◆ **Instructions to follow**
Within the material below, find each line bearing the word "Longrightarrow" and present it.

◆ **Given records**

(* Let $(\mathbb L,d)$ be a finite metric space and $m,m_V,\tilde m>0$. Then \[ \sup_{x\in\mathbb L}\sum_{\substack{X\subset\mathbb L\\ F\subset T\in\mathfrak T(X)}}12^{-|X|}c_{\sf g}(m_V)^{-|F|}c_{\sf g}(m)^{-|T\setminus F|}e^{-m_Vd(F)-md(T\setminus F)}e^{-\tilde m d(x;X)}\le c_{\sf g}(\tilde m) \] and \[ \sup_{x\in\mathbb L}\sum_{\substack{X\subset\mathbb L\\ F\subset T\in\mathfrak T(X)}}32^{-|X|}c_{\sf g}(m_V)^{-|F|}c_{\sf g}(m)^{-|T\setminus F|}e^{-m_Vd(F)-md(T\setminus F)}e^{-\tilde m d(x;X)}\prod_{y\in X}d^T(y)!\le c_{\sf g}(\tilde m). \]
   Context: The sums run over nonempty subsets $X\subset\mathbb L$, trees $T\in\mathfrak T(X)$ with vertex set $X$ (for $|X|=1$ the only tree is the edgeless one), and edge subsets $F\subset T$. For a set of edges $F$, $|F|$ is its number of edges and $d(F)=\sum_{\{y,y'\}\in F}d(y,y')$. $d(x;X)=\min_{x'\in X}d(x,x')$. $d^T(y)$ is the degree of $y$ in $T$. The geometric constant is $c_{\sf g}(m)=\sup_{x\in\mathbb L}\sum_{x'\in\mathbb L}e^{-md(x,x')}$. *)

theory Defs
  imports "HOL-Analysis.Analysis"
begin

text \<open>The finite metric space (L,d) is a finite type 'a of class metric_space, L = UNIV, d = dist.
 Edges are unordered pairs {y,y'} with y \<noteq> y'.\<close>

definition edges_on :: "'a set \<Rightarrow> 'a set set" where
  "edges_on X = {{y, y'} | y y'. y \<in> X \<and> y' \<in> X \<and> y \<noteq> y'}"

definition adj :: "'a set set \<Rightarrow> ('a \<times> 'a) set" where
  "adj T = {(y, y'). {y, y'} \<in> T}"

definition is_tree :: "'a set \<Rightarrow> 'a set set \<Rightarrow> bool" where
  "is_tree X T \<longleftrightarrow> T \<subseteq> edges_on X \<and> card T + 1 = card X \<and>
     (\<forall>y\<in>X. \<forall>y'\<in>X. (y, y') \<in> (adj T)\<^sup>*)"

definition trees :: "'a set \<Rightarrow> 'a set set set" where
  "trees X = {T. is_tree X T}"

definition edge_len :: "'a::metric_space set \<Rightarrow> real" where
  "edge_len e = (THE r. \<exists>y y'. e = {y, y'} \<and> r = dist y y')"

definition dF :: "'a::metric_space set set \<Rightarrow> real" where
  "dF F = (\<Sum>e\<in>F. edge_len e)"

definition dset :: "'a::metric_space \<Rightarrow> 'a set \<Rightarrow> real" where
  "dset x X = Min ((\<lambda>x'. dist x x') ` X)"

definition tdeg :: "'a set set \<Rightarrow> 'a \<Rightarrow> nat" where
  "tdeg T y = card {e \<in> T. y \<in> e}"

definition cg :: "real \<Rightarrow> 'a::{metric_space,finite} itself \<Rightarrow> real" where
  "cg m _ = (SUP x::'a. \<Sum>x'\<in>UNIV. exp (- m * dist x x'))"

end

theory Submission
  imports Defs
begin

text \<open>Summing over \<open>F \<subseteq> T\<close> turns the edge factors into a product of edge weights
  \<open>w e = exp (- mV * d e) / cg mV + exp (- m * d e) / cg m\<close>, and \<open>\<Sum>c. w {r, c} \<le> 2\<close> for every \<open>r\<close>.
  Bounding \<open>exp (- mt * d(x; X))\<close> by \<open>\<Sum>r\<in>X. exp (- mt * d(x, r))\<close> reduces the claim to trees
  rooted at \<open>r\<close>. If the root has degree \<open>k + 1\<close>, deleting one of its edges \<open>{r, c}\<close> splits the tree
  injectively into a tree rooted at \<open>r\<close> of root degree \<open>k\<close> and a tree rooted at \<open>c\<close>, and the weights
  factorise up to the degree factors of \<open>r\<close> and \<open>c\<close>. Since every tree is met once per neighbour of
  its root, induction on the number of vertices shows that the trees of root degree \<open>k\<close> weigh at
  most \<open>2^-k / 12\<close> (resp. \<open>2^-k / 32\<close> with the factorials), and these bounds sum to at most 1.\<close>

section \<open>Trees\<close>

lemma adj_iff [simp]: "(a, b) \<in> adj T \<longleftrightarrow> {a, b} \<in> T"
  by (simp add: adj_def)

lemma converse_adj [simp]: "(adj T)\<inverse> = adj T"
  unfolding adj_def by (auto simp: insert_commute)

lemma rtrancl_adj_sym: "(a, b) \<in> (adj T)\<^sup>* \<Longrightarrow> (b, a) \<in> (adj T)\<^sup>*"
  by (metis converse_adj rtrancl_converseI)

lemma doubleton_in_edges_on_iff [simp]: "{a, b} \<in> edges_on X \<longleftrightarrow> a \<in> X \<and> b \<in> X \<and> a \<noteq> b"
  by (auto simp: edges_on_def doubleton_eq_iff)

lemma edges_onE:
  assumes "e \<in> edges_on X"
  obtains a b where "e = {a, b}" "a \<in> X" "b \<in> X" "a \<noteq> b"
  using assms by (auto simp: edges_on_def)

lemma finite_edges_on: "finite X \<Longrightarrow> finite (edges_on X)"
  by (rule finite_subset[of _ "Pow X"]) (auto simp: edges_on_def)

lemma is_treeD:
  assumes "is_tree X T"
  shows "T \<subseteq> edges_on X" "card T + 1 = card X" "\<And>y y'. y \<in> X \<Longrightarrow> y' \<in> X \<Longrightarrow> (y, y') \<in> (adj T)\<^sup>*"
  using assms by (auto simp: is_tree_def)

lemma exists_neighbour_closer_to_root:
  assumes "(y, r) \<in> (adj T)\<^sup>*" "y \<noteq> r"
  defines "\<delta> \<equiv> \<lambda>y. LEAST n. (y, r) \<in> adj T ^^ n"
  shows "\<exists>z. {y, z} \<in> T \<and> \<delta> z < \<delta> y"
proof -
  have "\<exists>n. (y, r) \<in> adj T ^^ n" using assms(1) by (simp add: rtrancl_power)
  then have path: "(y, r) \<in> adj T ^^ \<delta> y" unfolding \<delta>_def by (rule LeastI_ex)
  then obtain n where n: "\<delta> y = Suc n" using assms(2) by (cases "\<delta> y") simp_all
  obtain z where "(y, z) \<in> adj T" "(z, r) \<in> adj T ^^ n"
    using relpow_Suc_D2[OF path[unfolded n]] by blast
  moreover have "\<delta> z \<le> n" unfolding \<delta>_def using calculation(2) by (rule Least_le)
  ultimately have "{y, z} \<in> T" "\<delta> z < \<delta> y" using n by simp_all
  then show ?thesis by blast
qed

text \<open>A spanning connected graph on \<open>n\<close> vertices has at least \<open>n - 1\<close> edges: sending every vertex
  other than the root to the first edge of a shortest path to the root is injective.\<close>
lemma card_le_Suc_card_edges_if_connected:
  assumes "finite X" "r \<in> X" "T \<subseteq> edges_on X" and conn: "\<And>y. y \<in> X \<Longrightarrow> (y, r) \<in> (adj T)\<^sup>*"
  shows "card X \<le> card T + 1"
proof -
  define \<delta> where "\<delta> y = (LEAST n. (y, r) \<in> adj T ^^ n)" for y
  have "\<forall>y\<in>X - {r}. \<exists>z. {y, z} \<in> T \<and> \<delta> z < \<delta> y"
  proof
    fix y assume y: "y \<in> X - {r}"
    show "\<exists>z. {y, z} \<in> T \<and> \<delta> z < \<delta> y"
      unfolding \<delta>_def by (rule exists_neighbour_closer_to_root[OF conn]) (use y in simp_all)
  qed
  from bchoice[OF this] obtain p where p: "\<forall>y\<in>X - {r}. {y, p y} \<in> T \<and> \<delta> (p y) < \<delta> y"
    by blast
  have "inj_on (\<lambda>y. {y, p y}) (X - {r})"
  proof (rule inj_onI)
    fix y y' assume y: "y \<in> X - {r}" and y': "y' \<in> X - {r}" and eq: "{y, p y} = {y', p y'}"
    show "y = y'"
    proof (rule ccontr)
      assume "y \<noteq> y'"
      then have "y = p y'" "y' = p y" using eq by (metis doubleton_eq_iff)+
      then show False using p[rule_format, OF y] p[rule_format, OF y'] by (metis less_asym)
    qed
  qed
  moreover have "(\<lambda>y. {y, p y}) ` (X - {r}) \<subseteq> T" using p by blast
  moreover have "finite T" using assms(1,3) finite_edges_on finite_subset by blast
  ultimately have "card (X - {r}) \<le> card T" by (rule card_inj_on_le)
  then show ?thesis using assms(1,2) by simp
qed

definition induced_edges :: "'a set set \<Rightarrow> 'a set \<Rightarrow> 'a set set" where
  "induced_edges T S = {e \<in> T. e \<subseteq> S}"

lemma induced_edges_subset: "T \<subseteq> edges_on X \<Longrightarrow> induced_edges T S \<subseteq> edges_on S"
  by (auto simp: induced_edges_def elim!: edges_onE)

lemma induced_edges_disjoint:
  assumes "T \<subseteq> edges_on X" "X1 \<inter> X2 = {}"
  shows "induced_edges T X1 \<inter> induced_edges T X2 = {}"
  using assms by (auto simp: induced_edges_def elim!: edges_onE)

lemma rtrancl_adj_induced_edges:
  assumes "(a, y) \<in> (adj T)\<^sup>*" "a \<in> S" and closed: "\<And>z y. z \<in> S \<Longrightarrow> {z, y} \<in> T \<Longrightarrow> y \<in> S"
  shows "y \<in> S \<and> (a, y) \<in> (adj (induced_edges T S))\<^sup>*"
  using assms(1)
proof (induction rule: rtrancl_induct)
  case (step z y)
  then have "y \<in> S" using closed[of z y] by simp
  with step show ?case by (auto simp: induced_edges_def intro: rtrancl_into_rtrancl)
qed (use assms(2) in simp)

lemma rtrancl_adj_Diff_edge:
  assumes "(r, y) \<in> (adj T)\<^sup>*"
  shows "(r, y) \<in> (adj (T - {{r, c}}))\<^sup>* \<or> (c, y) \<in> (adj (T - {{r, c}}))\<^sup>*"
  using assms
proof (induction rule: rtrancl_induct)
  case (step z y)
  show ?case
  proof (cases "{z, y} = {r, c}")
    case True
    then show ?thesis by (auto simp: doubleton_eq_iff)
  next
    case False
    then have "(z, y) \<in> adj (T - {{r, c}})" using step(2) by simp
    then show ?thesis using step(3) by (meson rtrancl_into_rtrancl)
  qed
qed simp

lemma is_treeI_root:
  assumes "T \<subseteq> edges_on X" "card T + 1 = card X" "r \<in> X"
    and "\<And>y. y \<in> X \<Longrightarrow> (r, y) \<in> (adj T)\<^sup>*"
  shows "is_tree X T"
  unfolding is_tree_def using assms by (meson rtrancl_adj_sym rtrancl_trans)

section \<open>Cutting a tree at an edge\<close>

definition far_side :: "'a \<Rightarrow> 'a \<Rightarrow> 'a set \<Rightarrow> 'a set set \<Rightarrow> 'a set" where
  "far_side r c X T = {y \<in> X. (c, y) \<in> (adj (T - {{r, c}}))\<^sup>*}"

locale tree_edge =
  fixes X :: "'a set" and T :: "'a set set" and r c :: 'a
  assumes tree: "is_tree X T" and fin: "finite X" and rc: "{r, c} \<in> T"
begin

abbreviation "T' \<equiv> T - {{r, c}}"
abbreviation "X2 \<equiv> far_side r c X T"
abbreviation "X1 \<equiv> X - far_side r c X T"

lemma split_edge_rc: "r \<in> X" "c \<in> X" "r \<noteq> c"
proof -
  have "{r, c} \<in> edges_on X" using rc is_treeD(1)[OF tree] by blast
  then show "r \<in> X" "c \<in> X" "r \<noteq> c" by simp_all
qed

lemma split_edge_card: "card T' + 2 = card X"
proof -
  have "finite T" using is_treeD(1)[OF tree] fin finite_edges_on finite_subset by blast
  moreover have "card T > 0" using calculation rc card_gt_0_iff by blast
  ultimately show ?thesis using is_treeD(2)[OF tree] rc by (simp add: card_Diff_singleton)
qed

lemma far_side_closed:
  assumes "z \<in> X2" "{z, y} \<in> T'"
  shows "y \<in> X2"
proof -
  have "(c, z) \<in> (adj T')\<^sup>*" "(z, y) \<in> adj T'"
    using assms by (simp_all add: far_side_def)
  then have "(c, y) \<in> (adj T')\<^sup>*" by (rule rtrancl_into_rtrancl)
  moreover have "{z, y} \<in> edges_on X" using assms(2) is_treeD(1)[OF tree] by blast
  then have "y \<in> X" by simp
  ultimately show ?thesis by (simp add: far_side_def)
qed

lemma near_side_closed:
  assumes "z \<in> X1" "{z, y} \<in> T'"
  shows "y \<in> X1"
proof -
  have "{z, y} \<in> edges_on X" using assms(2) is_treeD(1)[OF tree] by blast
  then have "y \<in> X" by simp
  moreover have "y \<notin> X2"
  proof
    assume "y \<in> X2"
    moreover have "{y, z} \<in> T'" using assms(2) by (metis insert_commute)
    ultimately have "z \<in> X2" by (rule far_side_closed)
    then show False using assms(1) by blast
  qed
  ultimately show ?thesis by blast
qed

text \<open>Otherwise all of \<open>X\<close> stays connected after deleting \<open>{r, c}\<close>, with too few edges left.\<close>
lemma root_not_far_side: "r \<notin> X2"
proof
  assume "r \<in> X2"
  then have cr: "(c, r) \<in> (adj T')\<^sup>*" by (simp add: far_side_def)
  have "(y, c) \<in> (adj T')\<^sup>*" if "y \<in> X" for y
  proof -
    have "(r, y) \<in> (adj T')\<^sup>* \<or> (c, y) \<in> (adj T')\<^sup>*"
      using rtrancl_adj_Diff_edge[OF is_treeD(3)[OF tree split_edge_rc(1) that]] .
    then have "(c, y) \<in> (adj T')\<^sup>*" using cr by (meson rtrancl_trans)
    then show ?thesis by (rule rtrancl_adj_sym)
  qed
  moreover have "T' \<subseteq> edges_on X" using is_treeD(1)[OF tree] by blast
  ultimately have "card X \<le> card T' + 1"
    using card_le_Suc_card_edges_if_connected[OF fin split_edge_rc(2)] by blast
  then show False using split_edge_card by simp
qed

◆ **Your solution**
lemma rtrancl_adj_sym: "(a, b) \<in> (adj T)\<^sup>* \<Longrightarrow> (b, a) \<in> (adj T)\<^sup>*"
lemma finite_edges_on: "finite X \<Longrightarrow> finite (edges_on X)"
  shows "T \<subseteq> edges_on X" "card T + 1 = card X" "\<And>y y'. y \<in> X \<Longrightarrow> y' \<in> X \<Longrightarrow> (y, y') \<in> (adj T)\<^sup>*"
  assumes "finite X" "r \<in> X" "T \<subseteq> edges_on X" and conn: "\<And>y. y \<in> X \<Longrightarrow> (y, r) \<in> (adj T)\<^sup>*"
lemma induced_edges_subset: "T \<subseteq> edges_on X \<Longrightarrow> induced_edges T S \<subseteq> edges_on S"
  assumes "(a, y) \<in> (adj T)\<^sup>*" "a \<in> S" and closed: "\<And>z y. z \<in> S \<Longrightarrow> {z, y} \<in> T \<Longrightarrow> y \<in> S"
    and "\<And>y. y \<in> X \<Longrightarrow> (r, y) \<in> (adj T)\<^sup>*"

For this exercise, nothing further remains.